While some might claim that this has been an ongoing problem since Jaws began the era of the blockbuster, it's become an increasingly concerning trend. "It's the worst time," says John Hillcoat, whose adaptation of Cormac McCarthy's post-apocalyptic survival story, The Road, has just been released to positive reviews. "Sorry to be melodramatic, but it really is. To make a film now is to make a film at the lowest point since cinema began. The studios are in such a self-defeating spiral. They are literally saying 'franchise or comedy' and nothing else." For a director like Hillcoat, whose stock-in-trade is adult drama – whether it be the prison-set Ghosts... of the Civil Dead or his McCarthy-influenced 19th-century Western The Proposition – this is bad news.
By way of example, Hillcoat explains that he has a script written by the musician Nick Cave, who previously penned The Proposition, that he's been trying to get off the ground. Adapted from the book The Wettest County in the World, it's a story of rural Prohibition-era gangsters with an attached cast including Shia LaBeouf, Amy Adams and Scarlett Johansson. "It's just great," he says. "But it's not a comedy and it's not a franchise, so it can't get made. No-one will touch it." Which might seem a little short sighted, given that Michael Mann's Depression-set John Dillinger tale, Public Enemies, took over $200m around the world.
It seems that in these recession-hit times the studios are playing it safe. Last October, the British director of Atonement, Joe Wright, saw his planned adaptation of Alex von Tunzelmann's book Indian Summer shelved. Dealing with the last days of Britain's colonial rule of India, it was set to star Hugh Grant and Cate Blanchett, who had been cast as Edna Mountbatten, wife of Lord Mountbatten, the last viceroy of the British Indian Empire. But Universal Studios balked at the budget, believed to be somewhere between $30m and $40m. Little wonder that Variety called the decision "a mark of how challenging the environment for upscale, adult-oriented drama has become".
Admittedly, a glance at the January release schedules rather hides this problem. Traditionally the time of year when quality Oscar hopefuls are released, alongside The Road, films like Jim Sheridan's remake of Danish sibling story Brothers and Scott Hicks' fatherhood melodrama, The Boys Are Back, are set for the cinemas. But according to Hicks, whose film stars Clive Owen as a British sports journalist forced to look after his two sons when his wife dies, such films are becoming "almost impossible to finance" in the economic downturn. "I think we probably got in on the last round of that, as it were [before the recession hit]."
Indeed, the days of getting a film made like Shine, Hicks' 1996 bio of pianist David Helfgott, seem long gone.

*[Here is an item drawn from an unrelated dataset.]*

(* Let $E$ be a countable subset of $2^{\mathfrak c}$, let $\emptyset\neq I\subseteq E$, and let $F\subseteq E$ be finite. For each $\xi\in I$ let $k_\xi\in\omega$, let $\{p_\xi:\xi\in I\}$ be a family of pairwise Rudin–Keisler incomparable selective ultrafilters, let $g_\xi:\omega\to([E]^{<\omega})^{k_\xi}$ be a function such that the family $\{g^j_\xi(m):j<k_\xi,\ m\in\omega\}$ is linearly independent, and let $d_\xi\in([E]^{<\omega})^{k_\xi}$. Let also $\{y_n:n\in\omega\}\subseteq E$ be a faithfully indexed (injective) sequence. Then there exist a strictly increasing sequence $\{b_i:i\in\omega\}\subseteq\omega$, a surjective function $r:\omega\to I$ and a sequence $\{E_i:i\in\omega\}$ of finite subsets of $E$ such that: (a) $F\subseteq E_0$; (b) $E=\bigcup_{i\in\omega}E_i$; (c) $r(m)\in E_m$ for each $m\in\omega$; (d) $\bigcup\{d^j_{r(m)}:j<k_{r(m)}\}\subseteq E_m$ for each $m\in\omega$; (e) $E_{m+1}\supseteq \bigcup\{g^j_\xi(b_m):\xi\in E_m\cap I,\ j<k_\xi\}\cup E_m$ for each $m\in\omega$; (f) $\{g^j_{r(m)}(b_m):j<k_{r(m)}\}\cup\{\{\mu\}:\mu\in E_m\}$ is linearly independent for each $m\in\omega$; (g) $\{b_i:i\in r^{-1}(\xi)\}\in p_\xi$ for every $\xi\in I$; (h) there is a strictly increasing sequence $(N_i)_{i\in\omega}$ of natural numbers such that $\{n\in\omega:y_n\in E_i\}=\{0,1,\dots,2N_i-1\}$ for each $i\in\omega$.
   Context: $\mathfrak c$ is the cardinality of the continuum and $2^{\mathfrak c}$ is regarded as a set of ordinals. $[E]^{<\omega}$ is the set of finite subsets of $E$, a vector space over the field $2=\{0,1\}$ under symmetric difference; linear independence refers to this structure (for indexed families, so members are distinct). For a tuple $g\in([E]^{<\omega})^k$, $g^j$ denotes its $j$-th coordinate. Selective ultrafilter: a free ultrafilter $p$ on $\omega$ such that for every partition $\{A_n\}$ of $\omega$ either some $A_n\in p$ or some $B\in p$ meets each $A_n$ in exactly one point. Rudin–Keisler order: $p\le_{RK}q$ iff $p=\{A: f^{-1}(A)\in q\}$ for some $f:\omega\to\omega$; incomparable means neither $p\le_{RK}q$ nor $q\le_{RK}p$. *)

theory Defs
  imports Main "HOL-Library.Countable_Set"
begin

While he notes that "a lot of ready cash has dried up" due to the recession, he doesn't merely attribute this change in focus to the economy. Rather, he blames the studios for turning their backs on films that don't automatically generate huge profits, preferring to seek out movies with in-built, ready-made audiences. "I think they've got a lot to answer for," he says. "They've conditioned their audience to accept a certain product. I think it's ridiculous to say that there's no audience for adult drama. It's just whether they can be bothered to find it, or to play to it."
Sheridan concurs with Hicks' sentiments. While Brothers, which stars Tobey Maguire as a US soldier captured on duty in Afghanistan, might be considered a difficult property to market, he has struggled for years to kickstart what, on the face of it, looks a no-brainer – a remake of the classic BBC series I, Claudius. "I brought I, Claudius around to every film company in the world, including the ones here [in the UK] and nobody was interested in it," he explains. "So I lost a little bit of my faith in the film companies. It was very odd. It was always a mystery to me why I couldn't get it off the ground."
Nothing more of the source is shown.